How much do you (really) work? The myth exposed
Laura Vanderkam, in What The Most Successful People Do At Work, states that extensive studies of work logs show people tend to vastly overestimate the amount of actual work they do.
Yet when you get to managers and knowledge workers, a hyperinflation of estimated time worked commonly crops up.
We live in a competitive world, and boasting about the number of hours we work has become a way to demonstrate how devoted we are to our jobs.
If you’re working so freaking much, how could you possibly __________ [pick any number of other things you say you’d like to do in your life but say you don’t have time for, taking energizing breaks included].

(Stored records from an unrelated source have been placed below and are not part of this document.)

(* Let $n\ge 2$, $1\leq i\leq n-1$, and let $$k=\begin{cases} n, & \text{if } i=1 \text{ or } i=n-1,\\ \lceil n/i\rceil+1, & \text{if } 1<i\leq n/2,\\ \lceil n/(n-i)\rceil+1, & \text{if } n/2\leq i<n-1.\end{cases}$$ Then there exist $i$-dimensional linear subspaces $H_1,\dots,H_k$ of $\mathbb{R}^n$ such that: if $E\subset S^{n-1}$ is nonempty, closed, and $R_{H_j}E=E$ for $j=1,\dots,k$, then $E=S^{n-1}$. Consequently, for these subspaces, if $F\subset\mathbb{R}^n$ is closed and $R_{H_j}F=F$ for $j=1,\dots,k$, then $F$ is a union of spheres centered at the origin; and if $K$ is a convex body in $\mathbb{R}^n$ with $R_{H_j}K=K$ for $j=1,\dots,k$, then $K$ is a ball centered at the origin.
   Context: For a linear subspace $H$ of $\mathbb{R}^n$, $R_H$ is the reflection $x\mapsto 2(x|H)-x$, with $x|H$ the orthogonal projection onto $H$. A convex body is a compact convex set with nonempty interior. $S^{n-1}$ is the unit sphere. *)

theory Defs
  imports "HOL-Analysis.Analysis"
begin

definition orth_proj :: "'a::euclidean_space set \<Rightarrow> 'a \<Rightarrow> 'a" where
  "orth_proj H x = (THE p. p \<in> H \<and> (\<forall>h\<in>H. (x - p) \<bullet> h = 0))"

definition refl_sub :: "'a::euclidean_space set \<Rightarrow> 'a \<Rightarrow> 'a" where
  "refl_sub H x = 2 *\<^sub>R orth_proj H x - x"

definition num_refl :: "nat \<Rightarrow> nat \<Rightarrow> nat" where
  "num_refl n i =
     (if i = 1 \<or> i = n - 1 then n
      else if 2 * i \<le> n then nat \<lceil>real n / real i\<rceil> + 1
      else nat \<lceil>real n / real (n - i)\<rceil> + 1)"

definition convex_body :: "'a::euclidean_space set \<Rightarrow> bool" where
  "convex_body K \<longleftrightarrow> compact K \<and> convex K \<and> interior K \<noteq> {}"

end

theory Submission
  imports Defs
begin

text \<open>
  Let \<open>d = min i (n - i)\<close>. The reflection in \<open>H\<^sup>\<bottom>\<close> is minus the reflection in \<open>H\<close>, so
  products of two reflections do not change when all subspaces are replaced by their orthogonal
  complements. It therefore suffices to find \<open>d\<close>-dimensional subspaces \<open>G\<^sub>0, \<dots>, G\<^sub>m\<close> such that
  a nonempty closed subset of the unit sphere that is invariant under the products \<open>R\<^sub>0 R\<^sub>j\<close> of
  the reflections in \<open>G\<^sub>0\<close> and \<open>G\<^sub>j\<close> is the whole sphere.

  In an orthonormal basis \<open>e\<close>, let \<open>G\<^sub>0\<close> be spanned by the \<open>e l\<close>, \<open>l < d\<close>, and \<open>G\<^sub>j\<close> by the
  vectors \<open>cos (\<pi> \<theta> l) e l - sin (\<pi> \<theta> l) e l'\<close>, where the partner coordinate \<open>l' \<ge> d\<close> depends
  on \<open>j\<close>. Then \<open>R\<^sub>0 R\<^sub>j\<close> rotates simultaneously by the angles \<open>2 \<pi> \<theta> l\<close> in the coordinate
  planes of \<open>e l\<close> and \<open>e l'\<close>. If \<open>\<theta> 0, \<dots>, \<theta> (d - 1), 1\<close> are linearly independent over the
  integers, Kronecker's theorem shows that a closed set invariant under this rotation is invariant
  under rotations by arbitrary angles in each of these planes separately. The partners are chosen
  so that these planes connect all coordinates, and rotations in the coordinate planes along a
  connected graph move any unit vector to any other one.

  Rescaling shows that an invariant closed set contains, with every point, the whole sphere
  through it; an invariant convex body is then the convex hull of the sphere through a point of
  maximal norm.
\<close>

definition int_independent :: "(nat \<Rightarrow> real) \<Rightarrow> nat \<Rightarrow> bool" where
  "int_independent \<theta> k \<longleftrightarrow>
     (\<forall>c::nat \<Rightarrow> int. (\<Sum>i\<le>k. of_int (c i) * \<theta> i) = 0 \<longrightarrow> (\<forall>i\<le>k. c i = 0))"

lemma int_independentD:
  "int_independent \<theta> k \<Longrightarrow> (\<Sum>i\<le>k. of_int (c i) * \<theta> i) = 0 \<Longrightarrow> i \<le> k \<Longrightarrow> c i = 0"
  unfolding int_independent_def by blast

Knowing there’s a fair amount of bull scheisse (it’s German, it means what you think it means) floating around about hours worked, you can happily take yourself out of that particular game and enjoy those other hours you have. You can seize those hours for yourself.
There’s something freeing in admitting you have time. The myth of not enough time is unhealthy. Simply the idea you do not have enough time precludes you from using your time in dreamy, delightful ways for yourself.
Though Vanderkam doesn’t go into it, I suspect as you do, that we vastly underestimate time spent FaceBooking, internet surfing and TV trancing.
When you take into account you’re not likely working as much as you think, and then you snip a few of those other hours back from digital devices . . . my god, you’ve got a life brewing now!